FASR-Net: Unsupervised Shadow Removal Leveraging Inherent Frequency Priors
This work addresses shadow removal in computer vision, which is important for applications like image editing and autonomous systems, but it appears incremental as it builds on existing unsupervised methods with specific improvements.
The paper tackles the problem of unsupervised shadow removal by proposing FASR-Net, which leverages frequency priors and novel modules to enhance shadow details, achieving superior performance on AISTD and SRD datasets.

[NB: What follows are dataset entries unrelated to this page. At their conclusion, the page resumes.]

(* Let $\mathcal S$ be a trajectory set satisfying (LOP) and (K). Then $\mathcal L^1_{(K)}$ is a vector space containing $\mathcal E$, and $\int_{(K)}:\mathcal L^1_{(K)}\to\mathbb R$ is a linear, positive, constant-preserving extension of $I$ which satisfies: if $f,f_n\in\mathcal L^1_{(K)}$ and $\lim_{n\to\infty}\|f_n-f\|=0$, then $\lim_{n\to\infty}\int_{(K)}f_n=\int_{(K)}f$. Moreover, $\int_{(K)}$ is strictly positive: if $f,g\in\mathcal L^1_{(K)}$ satisfy $f\ge g$ almost everywhere and $\int_{(K)}f=\int_{(K)}g$, then $f=g$ almost everywhere.
   Context: Fix $s_0\in\mathbb R$. A trajectory set is any set $\mathcal S$ of real sequences $S=(S_j)_{j\in\mathbb N_0}$ with $S_0=s_0$. A simple portfolio $(V,n,H)$ consists of $V\in\mathbb R$, $n\in\mathbb N$ and nonanticipating functions $H_i:\mathcal S\to\mathbb R$, $0\le i\le n-1$ (i.e. $H_i(S)=h_i(S_0,\dots,S_i)$ for some arbitrary $h_i:\mathbb R^{i+1}\to\mathbb R$). Its wealth is $\Pi^{V,n,H}_j(S)=V+\sum_{i=0}^{\min\{j,n\}-1}H_i(S)(S_{i+1}-S_i)$ and $\Pi^{V,n,H}_\infty:=\Pi^{V,n,H}_n$; it is positive if $V\ge0$ and $\Pi^{V,n,H}_\infty\ge0$ on $\mathcal S$. A generalized portfolio is a sequence $(V_m,n_m,H_m)_{m\in\mathbb N_0}$ of simple portfolios, positive for every $m\ge1$; it is a positive generalized portfolio if moreover $\Pi^{V_0,n_0,H_0}_j\equiv0$ for all $j$. A map $f:\mathcal S\to[-\infty,+\infty]$ is superhedged with initial endowment $V=\sum_{m=0}^\infty V_m\in(-\infty,+\infty]$ by such a portfolio if $f\le\sum_{m=0}^\infty\Pi^{V_m,n_m,H_m}_\infty$ on $\mathcal S$. For $f\ge0$, $\bar I(f)$ is the infimum of initial endowments of positive generalized portfolios superhedging $f$; $\bar\sigma(f)$ is the infimum of initial endowments of generalized portfolios superhedging $f$. Let $\mathcal E=\{\Pi^{V,n,H}_\infty\}$ over all simple portfolios. (LOP): whenever two simple portfolios have equal terminal wealth $\Pi_\infty$ at every $S\in\mathcal S$, their initial endowments coincide; under (LOP), $I:\mathcal E\to\mathbb R$, $I(\Pi^{V,n,H}_\infty)=V$, is well defined and linear. (K): $I(f)+\bar I(f^-)\le\bar I(f^+)$ for every $f\in\mathcal E$. Define $\|f\|:=\bar I(|f|)$; null functions are $f$ with $\|f\|=0$, null sets are $A\subseteq\mathcal S$ with $\|\mathbf 1_A\|=0$, and "almost everywhere" means outside a null set. Let $\underline\sigma(f)=-\bar\sigma(-f)$, let $\mathcal L^1_{(K)}$ be the set of real-valued financial positions $f$ with $\underline\sigma(f)=\bar\sigma(f)\in\mathbb R$, and set $\int_{(K)}f:=\bar\sigma(f)$ for $f\in\mathcal L^1_{(K)}$. Positive means $f\ge0$ implies $\int_{(K)}f\ge0$; constant-preserving means $\int_{(K)}c=c$ for constants $c$. *)

theory Defs
  imports "HOL-Analysis.Analysis"
begin

type_synonym traj = "nat \<Rightarrow> real"

text \<open>A simple portfolio (V, n, H): initial endowment V, horizon n, strategies H i.\<close>
type_synonym portfolio = "real \<times> nat \<times> (nat \<Rightarrow> traj \<Rightarrow> real)"

definition trajectory_set :: "real \<Rightarrow> traj set \<Rightarrow> bool" where
  "trajectory_set s0 \<S> \<longleftrightarrow> (\<forall>S\<in>\<S>. S 0 = s0)"

definition pV :: "portfolio \<Rightarrow> real" where "pV p = fst p"
definition pn :: "portfolio \<Rightarrow> nat" where "pn p = fst (snd p)"
definition pH :: "portfolio \<Rightarrow> nat \<Rightarrow> traj \<Rightarrow> real" where "pH p = snd (snd p)"

definition nonanticipating :: "traj set \<Rightarrow> nat \<Rightarrow> (nat \<Rightarrow> traj \<Rightarrow> real) \<Rightarrow> bool" where
  "nonanticipating \<S> n H \<longleftrightarrow>
     (\<forall>i<n. \<exists>h :: traj \<Rightarrow> real. \<forall>S\<in>\<S>. H i S = h (\<lambda>k. if k \<le> i then S k else 0))"

definition simple_portfolio :: "traj set \<Rightarrow> portfolio \<Rightarrow> bool" where
  "simple_portfolio \<S> p \<longleftrightarrow> pn p \<ge> 1 \<and> nonanticipating \<S> (pn p) (pH p)"

definition wealth :: "portfolio \<Rightarrow> nat \<Rightarrow> traj \<Rightarrow> real" where
  "wealth p j S = pV p + (\<Sum>i<min j (pn p). pH p i S * (S (Suc i) - S i))"

definition terminal :: "portfolio \<Rightarrow> traj \<Rightarrow> real" where
  "terminal p S = wealth p (pn p) S"

definition positive_portfolio :: "traj set \<Rightarrow> portfolio \<Rightarrow> bool" where
  "positive_portfolio \<S> p \<longleftrightarrow> pV p \<ge> 0 \<and> (\<forall>S\<in>\<S>. terminal p S \<ge> 0)"

definition gen_portfolio :: "traj set \<Rightarrow> (nat \<Rightarrow> portfolio) \<Rightarrow> bool" where
  "gen_portfolio \<S> P \<longleftrightarrow> (\<forall>m. simple_portfolio \<S> (P m)) \<and>
     (\<forall>m\<ge>1. positive_portfolio \<S> (P m))"

definition pos_gen_portfolio :: "traj set \<Rightarrow> (nat \<Rightarrow> portfolio) \<Rightarrow> bool" where
  "pos_gen_portfolio \<S> P \<longleftrightarrow> gen_portfolio \<S> P \<and> (\<forall>j. \<forall>S\<in>\<S>. wealth (P 0) j S = 0)"

text \<open>Initial endowment V = sum of V_m in (-inf, +inf] (terms m >= 1 are nonnegative).\<close>
definition endowment :: "(nat \<Rightarrow> portfolio) \<Rightarrow> ereal" where
  "endowment P = ereal (pV (P 0)) + (\<Sum>m. ereal (pV (P (Suc m))))"

definition gen_terminal :: "(nat \<Rightarrow> portfolio) \<Rightarrow> traj \<Rightarrow> ereal" where
  "gen_terminal P S = ereal (terminal (P 0) S) + (\<Sum>m. ereal (terminal (P (Suc m)) S))"

definition superhedges :: "traj set \<Rightarrow> (traj \<Rightarrow> ereal) \<Rightarrow> (nat \<Rightarrow> portfolio) \<Rightarrow> bool" where
  "superhedges \<S> f P \<longleftrightarrow> (\<forall>S\<in>\<S>. f S \<le> gen_terminal P S)"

Shadow removal is challenging due to the complex interaction of geometry, lighting, and environmental factors. Existing unsupervised methods often overlook shadow-specific priors, leading to incomplete shadow recovery. To address this issue, we propose a novel unsupervised Frequency Aware Shadow Removal Network (FASR-Net), which leverages the inherent frequency characteristics of shadow regions. Specifically, the proposed Wavelet Attention Downsampling Module (WADM) integrates wavelet-based image decomposition and deformable attention, effectively breaking down the image into frequency components to enhance shadow details within specific frequency bands. We also introduce several new loss functions for precise shadow-free image reproduction: a frequency loss to capture image component details, a brightness-chromaticity loss that references the chromaticity of shadow-free regions, and an alignment loss to ensure smooth transitions between shadowed and shadow-free regions. Experimental results on the AISTD and SRD datasets demonstrate that our method achieves superior shadow removal performance.